Materials and Methods
Drosophila strains
All flies were raised at 25 °C and cultured on standard media, unless otherwise stated. The following fly stocks were used in this study include: pelo1, peloPB60, peloPA13; Hbs11, Hbs148 and Hbs1172 (this study, see in the text for molecular lesions); Pelo (P210A)29 and nosGal4VP1638. BamGAL4VP16 (a gift from Dahua Chen)54. Vasa-GAL4 (a gift from Zhaohui Wang)55, and pelo RNAi lines were from VDRC (v34770; v34771)56.
Generation and characterization of new pelo alleles
peloPB60 was caused by a 107 bp deletion in the second exon, and the predicted protein product is a peptide with 77 amino acids (compared to the full length with 395 amino acids). Flies homozygous for peloPB60 showed similar GSC loss phenotype during oogenesis and meiosis defect during spermatogenesis to transheterozyotes (peloPB60 in trans to a deficiency Df(2 L)Exel6024 in which the entire pelo locus is deleted). peloPB60 homozygous testes also displayed similar severity of meiosis defects to that of pelo1 homozygous mutants, suggesting that both peloPB60 and pelo1 alleles can be considered as strong loss of function or genetic null alleles. peloPA13 was resulted from a 557 bp insertion left by the original KG6646 P element, and homozygous mutant cysts from testes squash displayed meiosis arrest either before the first or the second meiotic cell division. Based on the severity of defects in female GSC maintenance and male meiosis, we considered peloPA13as a hypomorphic allele.
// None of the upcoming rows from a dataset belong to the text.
text \<open>The points of positive multiplicity span the image of \<phi>, so they cannot all lie in
  a hyperplane of PG(k'-1,q).\<close>

lemma mult_of_hyperplane_less_total:
  assumes H: "H \<in> pg_hyperplanes k'"
  shows "mult_of k' (\<lambda>p. M (\<phi> ` p)) H < (\<Sum>p\<in>pg_points k'. M (\<phi> ` p))"
proof -
  obtain b where b: "b \<in> vecs k'" "b \<noteq> (\<lambda>_. 0)" "H = hyperplane_of k' b"
    using H by (auto simp: pg_hyperplanes_eq)
  obtain j where j: "j < k'" "b j \<noteq> 0"
    using nonzero_vec_coord[OF b(1,2)] .
  have "\<not> support_vecs k M \<subseteq> \<phi> ` H"
  proof
    assume "support_vecs k M \<subseteq> \<phi> ` H"
    then have "\<phi> ` vecs k' \<subseteq> \<phi> ` H"
      unfolding S b(3)
      by (rule lin_span_subset[OF lin_subspace_embedding_image[OF emb hyperplane_of_lin_subspace]])
    then obtain y where y: "y \<in> H" "\<phi> (unit_vec j) = \<phi> y"
      using unit_vec_in_vecs[OF j(1)] by blast
    then have "unit_vec j = y"
      using inj_onD[OF embedding_inj[OF emb]] unit_vec_in_vecs[OF j(1)] b(3)
      by (auto simp: hyperplane_of_def)
    then show False
      using y(1) b(3) unit_vec_notin_hyperplane_of[of j k' b, OF j] by simp
  qed
  then obtain p v where p: "p \<in> pg_points k" "M p > 0" and v: "v \<in> p" "v \<notin> \<phi> ` H"
    by (auto simp: support_vecs_def)
  obtain p' where p': "p' \<in> pg_points k'" "p = \<phi> ` p'"
    using pg_point_in_embedding_image[OF emb p(1) support_point_subset_image[OF p]] .
  let ?inH = "{p \<in> pg_points k'. p \<subseteq> H}"
  have "p' \<notin> ?inH"
    using v p'(2) by blast
  moreover have "finite ?inH"
    using finite_pg_points[of k'] by (rule finite_subset[rotated]) blast
  ultimately have "mult_of k' (\<lambda>p. M (\<phi> ` p)) H + M (\<phi> ` p') = (\<Sum>p\<in>insert p' ?inH. M (\<phi> ` p))"
    by (simp add: mult_of_def)
  also have "\<dots> \<le> (\<Sum>p\<in>pg_points k'. M (\<phi> ` p))"
    using p'(1) by (intro sum_mono2 finite_pg_points) auto
  finally show ?thesis
    using p p' by simp
qed

end

lemma card_field_ge_two: "2 \<le> CARD('a::{field,finite})"
proof -
  have "card {0, 1 :: 'a} \<le> CARD('a)"
    by (rule card_mono) simp_all
  then show ?thesis
    by simp
qed

theorem lemma6:
  fixes M :: "(nat \<Rightarrow> 'a::{field,finite}) set \<Rightarrow> nat"
    and \<phi> :: "(nat \<Rightarrow> 'a) \<Rightarrow> (nat \<Rightarrow> 'a)"
    and k k' f m :: nat
  assumes mh: "minihyper k f m M"
    and rk: "mh_rank k M = k'"
    and lt: "k' < k"
    and emb: "lin_embedding k' k \<phi>"
    and S: "\<phi> ` vecs k' = lin_span (support_vecs k M)"
    and mh': "minihyper k' f m (\<lambda>p. M (\<phi> ` p))"
    and rk': "mh_rank k' (\<lambda>p. M (\<phi> ` p)) = k'"
  shows "e_count k m M = card (UNIV :: 'a set) ^ (k - k') * e_count k' m (\<lambda>p. M (\<phi> ` p))"
proof -
  let ?M' = "\<lambda>p. M (\<phi> ` p)" and ?pb = "pullback_form \<phi> k k'"
  let ?minimal = "{b \<in> vecs k'. b \<noteq> (\<lambda>_. 0) \<and> mult_of k' ?M' (hyperplane_of k' b) = m}"
  have "m < f"
    using mh' mult_of_hyperplane_less_total[OF emb S] by (auto simp: minihyper_def)
  then have zero_not_minimal: "mult_of k' ?M' (hyperplane_of k' (\<lambda>_. 0)) \<noteq> m"
    using mh' by (simp add: hyperplane_of_zero mult_of_vecs minihyper_def)
  have "(CARD('a) - 1) * e_count k m M
      = card {a \<in> vecs k. a \<noteq> (\<lambda>_. 0) \<and> mult_of k M (hyperplane_of k a) = m}"
    by (rule card_forms_of_mult[symmetric])
  \<comment> \<open>a and ?pb a cut out hyperplanes of equal multiplicity; ?pb a = 0 (e.g. for a = 0) gives f.\<close>
  also have "\<dots> = card {a \<in> vecs k. ?pb a \<in> ?minimal}"
    using zero_not_minimal pullback_form_zero[of \<phi> k k']
    by (auto simp: mult_of_restriction[OF emb S] embedding_vimage_hyperplane_of[OF emb]
        pullback_form_in_vecs intro!: arg_cong[where f = card])
  also have "\<dots> = card ?minimal * CARD('a) ^ (k - k')"
    using lt by (intro card_pullback_form_preimage[OF emb]) auto
  also have "\<dots> = (CARD('a) - 1) * (CARD('a) ^ (k - k') * e_count k' m ?M')"
    by (simp add: card_forms_of_mult)
  finally show ?thesis
    using card_field_ge_two[where 'a = 'a] by simp
qed

end
text \<open>Berge's augmenting path argument. If no alternating walk from a free line ends next to a free
  segment, then the lines outside the set A reached by such walks, together with the segments
  adjacent to A, cover every edge of M, and the edges of N count them injectively.\<close>
lemma augmenting_walk_exists:
  assumes N: "matching N" and M: "matching M" and less: "card N < card M"
  shows "\<exists>z xs b. z \<in> L \<and> z \<notin> fst ` N \<and> successively (alt_step N) (z # xs) \<and>
      distinct (z # xs) \<and> b \<in> E \<and> b \<notin> snd ` N \<and> adj (last (z # xs)) b"
proof (rule ccontr)
  assume no_walk: "\<not> ?thesis"
  define A where "A = alt_reachable N"
  define B where "B = {e \<in> E. \<exists>x\<in>A. adj x e}"
  have B_matched: "B \<subseteq> snd ` N" using no_walk unfolding B_def A_def alt_reachable_def by blast
  have "finite N" using N finite_matching by blast
  have "card M \<le> card (L - A) + card B"
    by (rule card_matching_le_cover[OF M])
      (use M finite_L finite_E in \<open>auto simp: matching_def B_def\<close>)
  also have "card (L - A) \<le> card {p\<in>N. fst p \<notin> A}"
  proof -
    have "L - A \<subseteq> fst ` {p\<in>N. fst p \<notin> A}" using alt_reachable_free[of N] unfolding A_def by force
    then have "card (L - A) \<le> card (fst ` {p\<in>N. fst p \<notin> A})"
      using \<open>finite N\<close> by (intro card_mono) auto
    also have "\<dots> \<le> card {p\<in>N. fst p \<notin> A}" using \<open>finite N\<close> by (intro card_image_le) auto
    finally show ?thesis .
  qed
  also have "card B \<le> card {p\<in>N. fst p \<in> A}"
  proof -
    have "B \<subseteq> snd ` {p\<in>N. fst p \<in> A}"
    proof
      fix e assume "e \<in> B"
      then obtain x p where "x \<in> A" "adj x e" "p \<in> N" "snd p = e"
        using B_matched unfolding B_def by blast
      then have "alt_step N x (fst p)" by (force simp: alt_step_def)
      then have "fst p \<in> A" using \<open>x \<in> A\<close> alt_reachable_step unfolding A_def by blast
      then show "e \<in> snd ` {p\<in>N. fst p \<in> A}" using \<open>p \<in> N\<close> \<open>snd p = e\<close> by blast
    qed
    then have "card B \<le> card (snd ` {p\<in>N. fst p \<in> A})"
      using \<open>finite N\<close> by (intro card_mono) auto
    also have "\<dots> \<le> card {p\<in>N. fst p \<in> A}" using \<open>finite N\<close> by (intro card_image_le) auto
    finally show ?thesis .
  qed
  also have "card {p\<in>N. fst p \<notin> A} + card {p\<in>N. fst p \<in> A} =
      card ({p\<in>N. fst p \<notin> A} \<union> {p\<in>N. fst p \<in> A})"
    using \<open>finite N\<close> by (intro card_Un_disjoint[symmetric]) auto
  also have "\<dots> = card N" by (rule arg_cong[where f = card]) blast
  finally show False using less by simp
qed

text \<open>The trace of a hitting set: each pair of N shares the crossing point of its line and segment,
  and each segment e of Es has its left ray hit on the line lw e and its right ray on the line rw e.
  As all these lines are distinct, card L + card E - card N - card Es points suffice.\<close>
definition config :: "('a \<times> 'b) set \<Rightarrow> 'b set \<Rightarrow> ('b \<Rightarrow> 'a) \<Rightarrow> ('b \<Rightarrow> 'a) \<Rightarrow> bool" where
  "config N Es lw rw \<longleftrightarrow> matching N \<and> Es \<subseteq> E \<and> lw ` Es \<subseteq> L \<and> rw ` Es \<subseteq> L \<and>
     inj_on lw Es \<and> inj_on rw Es \<and> lw ` Es \<inter> rw ` Es = {} \<and>
     fst ` N \<inter> lw ` Es = {} \<and> fst ` N \<inter> rw ` Es = {} \<and> snd ` N \<inter> Es = {} \<and>
     (\<forall>e\<in>Es. xc (lw e) \<le> hi e \<and> lo e \<le> xc (rw e))"

lemma config_relabel_left:
  assumes V: "config N Es lw rw" and sub: "Es' \<subseteq> Es" "lw' ` Es' \<subseteq> lw ` Es"
    and inj: "inj_on lw' Es'" and bound: "\<forall>e\<in>Es'. xc (lw' e) \<le> hi e"
  shows "config N Es' lw' rw"
proof -
  have rw_sub: "rw ` Es' \<subseteq> rw ` Es" using sub(1) by (rule image_mono)
  have v: "matching N" "Es \<subseteq> E" "lw ` Es \<subseteq> L" "rw ` Es \<subseteq> L" "inj_on rw Es"
    "lw ` Es \<inter> rw ` Es = {}" "fst ` N \<inter> lw ` Es = {}" "fst ` N \<inter> rw ` Es = {}"
    "snd ` N \<inter> Es = {}" "\<forall>e\<in>Es. lo e \<le> xc (rw e)"
    using V unfolding config_def by simp_all
  have "Es' \<subseteq> E" "lw' ` Es' \<subseteq> L" "rw ` Es' \<subseteq> L"
    using sub(1) v(2) sub(2) v(3) rw_sub v(4) by auto
  moreover have "inj_on rw Es'" using v(5) sub(1) by (rule inj_on_subset)
  moreover have "lw' ` Es' \<inter> rw ` Es' = {}" using disjoint_mono[OF sub(2) rw_sub v(6)] .
  moreover have "fst ` N \<inter> lw' ` Es' = {}" using disjoint_mono[OF order_refl sub(2) v(7)] .
  moreover have "fst ` N \<inter> rw ` Es' = {}" using disjoint_mono[OF order_refl rw_sub v(8)] .
  moreover have "snd ` N \<inter> Es' = {}" using disjoint_mono[OF order_refl sub(1) v(9)] .
  moreover have "\<forall>e\<in>Es'. xc (lw' e) \<le> hi e \<and> lo e \<le> xc (rw e)"
    using v(10) sub(1) bound by blast
  ultimately show ?thesis using v(1) inj by (simp add: config_def)
qed

lemma config_subset:
  assumes V: "config N Es lw rw" and sub: "Es' \<subseteq> Es"
  shows "config N Es' lw rw"
proof (rule config_relabel_left[OF V sub])
  have "inj_on lw Es" "\<forall>e\<in>Es. xc (lw e) \<le> hi e" using V by (simp_all add: config_def)
  then show "inj_on lw Es'" "\<forall>e\<in>Es'. xc (lw e) \<le> hi e"
    using sub by (blast intro: inj_on_subset)+
qed (use sub in blast)

lemma config_augment:
  assumes V: "config N Es lw rw" and aug: "augmentable N z b"
    and fresh: "z \<notin> fst ` N" "z \<notin> lw ` Es" "z \<notin> rw ` Es" "b \<notin> Es"
  shows "\<exists>N'. config N' Es lw rw \<and> card N' = Suc (card N)"
proof -
  obtain N' where N': "matching N'" "fst ` N' = insert z (fst ` N)" "snd ` N' = insert b (snd ` N)"
    using aug by (auto simp: augmentable_def)
  have "config N' Es lw rw" using V N' fresh by (simp add: config_def)
  moreover have "card N' = Suc (card N)"
    using card_augment[OF _ fresh(1) N'(1,2)] V by (simp add: config_def)
  ultimately show ?thesis by blast
qed

text \<open>The exchange step when the new matched line z is the left line of a segment D of Es. If the
  new matched segment b also lies in Es, either D can take over the left line of b, or that left
  line lies between z and b and can start the augmenting walk instead of z.\<close>
lemma exchange_left:
  assumes V: "config N Es lw rw"
    and walk: "successively (alt_step N) (z # xs)" "distinct (z # xs)"
      "adj (last (z # xs)) b" "b \<in> E" "b \<notin> snd ` N"
    and D: "D \<in> Es" "z = lw D"
  shows "\<exists>N' Es' lw' rw'. config N' Es' lw' rw' \<and> card N' = Suc (card N) \<and> card Es \<le> Suc (card Es')"
proof -
  have N: "matching N" and inj: "inj_on lw Es" and disj: "lw ` Es \<inter> rw ` Es = {}"
    and unmatched: "fst ` N \<inter> lw ` Es = {}" and lines: "lw ` Es \<subseteq> L"
    and bounds: "\<forall>e\<in>Es. xc (lw e) \<le> hi e \<and> lo e \<le> xc (rw e)"
    using V by (auto simp: config_def)
  have z: "z \<in> L" "z \<notin> fst ` N" using D lines unmatched by auto
  note drop_one = card_le_Suc_card_Diff_singleton[of Es]
  have aug_z: "augmentable N z b" using augmentable_if_alt_walk[OF N z walk(1-5)] .
  consider (free) "b \<notin> Es \<or> b = D" | (swap) "b \<in> Es" "b \<noteq> D" "xc (lw b) \<le> hi D"
    | (reroute) "b \<in> Es" "b \<noteq> D" "hi D < xc (lw b)"
    by (meson not_le)
  then show ?thesis
  proof cases
    case free
    have "config N (Es - {D}) lw rw" using config_subset[OF V] by blast
    moreover have "z \<notin> lw ` (Es - {D})" "z \<notin> rw ` (Es - {D})" "b \<notin> Es - {D}"
      using D inj disj free by (auto simp: inj_on_def)
    ultimately show ?thesis using config_augment[OF _ aug_z z(2)] drop_one by blast
  next
    case swap
    define lw' where "lw' = lw(D := lw b)"
    have "config N (Es - {b}) lw' rw"
    proof (rule config_relabel_left[OF V])
      show "lw' ` (Es - {b}) \<subseteq> lw ` Es" using swap unfolding lw'_def by auto
      show "inj_on lw' (Es - {b})" using inj swap D unfolding lw'_def inj_on_def by auto
      show "\<forall>e\<in>Es - {b}. xc (lw' e) \<le> hi e" using bounds swap unfolding lw'_def by auto
    qed auto
    moreover have "z \<notin> lw' ` (Es - {b})" "z \<notin> rw ` (Es - {b})" "b \<notin> Es - {b}"
      using D swap inj disj unfolding lw'_def inj_on_def by auto
    ultimately show ?thesis using config_augment[OF _ aug_z z(2)] drop_one by blast
  next
    case reroute
    define u where "u = lw b"
    have u: "u \<in> L" "u \<notin> fst ` N" using reroute lines unmatched unfolding u_def by auto
    have "min (xc z) (lo b) \<le> xc u" "xc u \<le> max (xc z) (hi b)"
      using reroute bounds D unfolding u_def by fastforce+
    then have aug_u: "augmentable N u b" using augmentable_between[OF N walk u] by blast
    have "config N (Es - {b}) lw rw" using config_subset[OF V] by blast
    moreover have "u \<notin> lw ` (Es - {b})" "u \<notin> rw ` (Es - {b})" "b \<notin> Es - {b}"
      using reroute inj disj unfolding u_def inj_on_def by auto
    ultimately show ?thesis using config_augment[OF _ aug_u u(2)] drop_one by blast
  qed
qed
lemma closed_sublevel_plus_continuous:
  fixes \<phi> :: "'a::euclidean_space \<Rightarrow> ereal" and g :: "'a \<Rightarrow> real"
  assumes epi: "closed {(u, r). u \<in> S \<and> \<phi> u \<le> ereal r}" and K: "closed K" "K \<subseteq> S"
    and g: "continuous_on UNIV g"
  shows "closed {u\<in>K. ereal (g u) + \<phi> u \<le> ereal r}"
proof -
  have shift: "ereal a + y \<le> ereal r \<longleftrightarrow> y \<le> ereal (r - a)" for a y
    by (cases y) auto
  have "{u\<in>K. ereal (g u) + \<phi> u \<le> ereal r} =
      K \<inter> (\<lambda>u. (u, r - g u)) -` {(u, r). u \<in> S \<and> \<phi> u \<le> ereal r}"
    using K(2) by (auto simp: shift)
  moreover have "closed ((\<lambda>u. (u, r - g u)) -` {(u, r). u \<in> S \<and> \<phi> u \<le> ereal r})"
    using epi g by (intro continuous_closed_vimage) (auto intro!: continuous_intros
        simp: continuous_on_eq_continuous_at)
  ultimately show ?thesis using K(1) by auto
qed

lemma convex_ereal_extrapolation_bound:
  fixes \<phi> :: "'a::real_normed_vector \<Rightarrow> ereal"
  assumes S: "convex S" and t: "t \<in> S" "\<phi> t \<noteq> -\<infinity>" "norm (t - t0) > 1"
    and t0: "t0 \<in> S" "\<phi> t0 = ereal p0" and "c \<le> p0"
    and convex: "\<forall>u\<in>S. \<forall>v\<in>S. \<forall>a. 0 \<le> a \<and> a \<le> 1 \<longrightarrow>
                   \<phi> (a *\<^sub>R u + (1 - a) *\<^sub>R v) \<le> ereal a * \<phi> u + ereal (1 - a) * \<phi> v"
    and sphere: "\<forall>p\<in>S. norm (p - t0) = 1 \<longrightarrow> ereal c \<le> \<phi> p"
  shows "ereal (c - (p0 - c) * norm (t - t0)) \<le> \<phi> t"
proof -
  define d where "d = norm (t - t0)"
  have "d > 1" using t(3) by (simp add: d_def)
  define a where "a = 1 / d"
  have a: "0 \<le> a" "a \<le> 1" using \<open>d > 1\<close> by (auto simp: a_def)
  \<comment> \<open>p is where the segment from t0 to t crosses the unit sphere around t0.\<close>
  define p where "p = a *\<^sub>R t + (1 - a) *\<^sub>R t0"
  have "p \<in> S" unfolding p_def using S t(1) t0(1) a by (simp add: convex_def)
  moreover have "p - t0 = a *\<^sub>R (t - t0)" by (simp add: p_def algebra_simps)
  then have "norm (p - t0) = 1" using t(3) by (auto simp: a_def d_def)
  ultimately have "ereal c \<le> \<phi> p" using sphere by blast
  also have "\<phi> p \<le> ereal a * \<phi> t + ereal (1 - a) * ereal p0"
    using convex t t0 a unfolding p_def by metis
  finally have bound: "ereal c \<le> ereal a * \<phi> t + ereal (1 - a) * ereal p0" .
  show ?thesis
  proof (cases "\<phi> t")
    case (real y)
    then have "d * c \<le> d * (a * y + (1 - a) * p0)" using bound \<open>d > 1\<close> by simp
    also have "\<dots> = y + (d - 1) * p0" using \<open>d > 1\<close> by (simp add: a_def algebra_simps)
    finally show ?thesis using real \<open>c \<le> p0\<close> by (simp add: d_def algebra_simps)
  qed (use t(2) in auto)
qed

lemma convex_closed_epigraph_lower_bound:
  fixes \<phi> :: "'a::euclidean_space \<Rightarrow> ereal"
  assumes S: "closed S" "convex S"
    and not_minf: "\<forall>t\<in>S. \<phi> t \<noteq> -\<infinity>" and t0: "t0 \<in> S" "\<phi> t0 \<noteq> \<infinity>"
    and convex: "\<forall>u\<in>S. \<forall>v\<in>S. \<forall>a. 0 \<le> a \<and> a \<le> 1 \<longrightarrow>
                   \<phi> (a *\<^sub>R u + (1 - a) *\<^sub>R v) \<le> ereal a * \<phi> u + ereal (1 - a) * \<phi> v"
    and epi: "closed {(u, r). u \<in> S \<and> \<phi> u \<le> ereal r}"
  shows "\<exists>c K. K \<ge> 0 \<and> (\<forall>t\<in>S. ereal (c - K * norm (t - t0)) \<le> \<phi> t)"
proof -
  define U where "U = S \<inter> cball t0 1"
  have "compact U" unfolding U_def by (rule closed_Int_compact[OF S(1) compact_cball])
  moreover have "U \<noteq> {}" using t0 by (auto simp: U_def)
  moreover have "closed {u\<in>U. ereal 0 + \<phi> u \<le> ereal r}" for r
    using closed_sublevel_plus_continuous[OF epi, of U "\<lambda>_. 0"] \<open>compact U\<close>
    by (auto simp: U_def compact_imp_closed)
  ultimately obtain u where u: "u \<in> U" "\<forall>v\<in>U. \<phi> u \<le> \<phi> v"
    using compact_closed_sublevels_attains_min[of U \<phi>] by auto
  have "\<phi> u \<le> \<phi> t0" using u t0 by (auto simp: U_def)
  then obtain c p0 where c: "\<phi> u = ereal c" and p0: "\<phi> t0 = ereal p0" and "c \<le> p0"
    using not_minf u(1) t0 by (cases "\<phi> u"; cases "\<phi> t0") (auto simp: U_def)
  have near: "ereal c \<le> \<phi> p" if "p \<in> S" "norm (p - t0) \<le> 1" for p
    using that u c by (auto simp: U_def dist_norm norm_minus_commute)
  have "ereal (c - (p0 - c) * norm (t - t0)) \<le> \<phi> t" if t: "t \<in> S" for t
  proof (cases "norm (t - t0) \<le> 1")
    case True
    moreover have "c - (p0 - c) * norm (t - t0) \<le> c" using \<open>c \<le> p0\<close> by simp
    ultimately show ?thesis using near[OF t] by (meson ereal_less_eq(3) order_trans)
  next
    case False
    then show ?thesis
      using convex_ereal_extrapolation_bound[OF S(2) t _ _ t0(1) p0 \<open>c \<le> p0\<close> convex] near not_minf t
      by simp
  qed
  then show ?thesis using \<open>c \<le> p0\<close> by (intro exI[of _ c] exI[of _ "p0 - c"]) auto
qed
Remobilization of P element to generate new alleles
The peloKG6646 chromosome was brought together with a transposase source by crossing peloKG6646/Cyo flies to CyO, PBac{w[+mC] = Delta2-3.Exel}2/amos[Tft] flies which carried transposase on the second chromosome (Bloomington stock number:8201). Then the flies with peloKG6646/CyO, PBac{w[+mC] = Delta2-3.Exel}2 were crossed to those with CyO/Sco. In the next generation, pelo[]/CyO flies without CyO, PBac{w[+mC] = Delta2-3.Exel}2 chromosome were selected to establish excised lines. Hbs1 alleles were established in a similar way using Hbs1EY09557.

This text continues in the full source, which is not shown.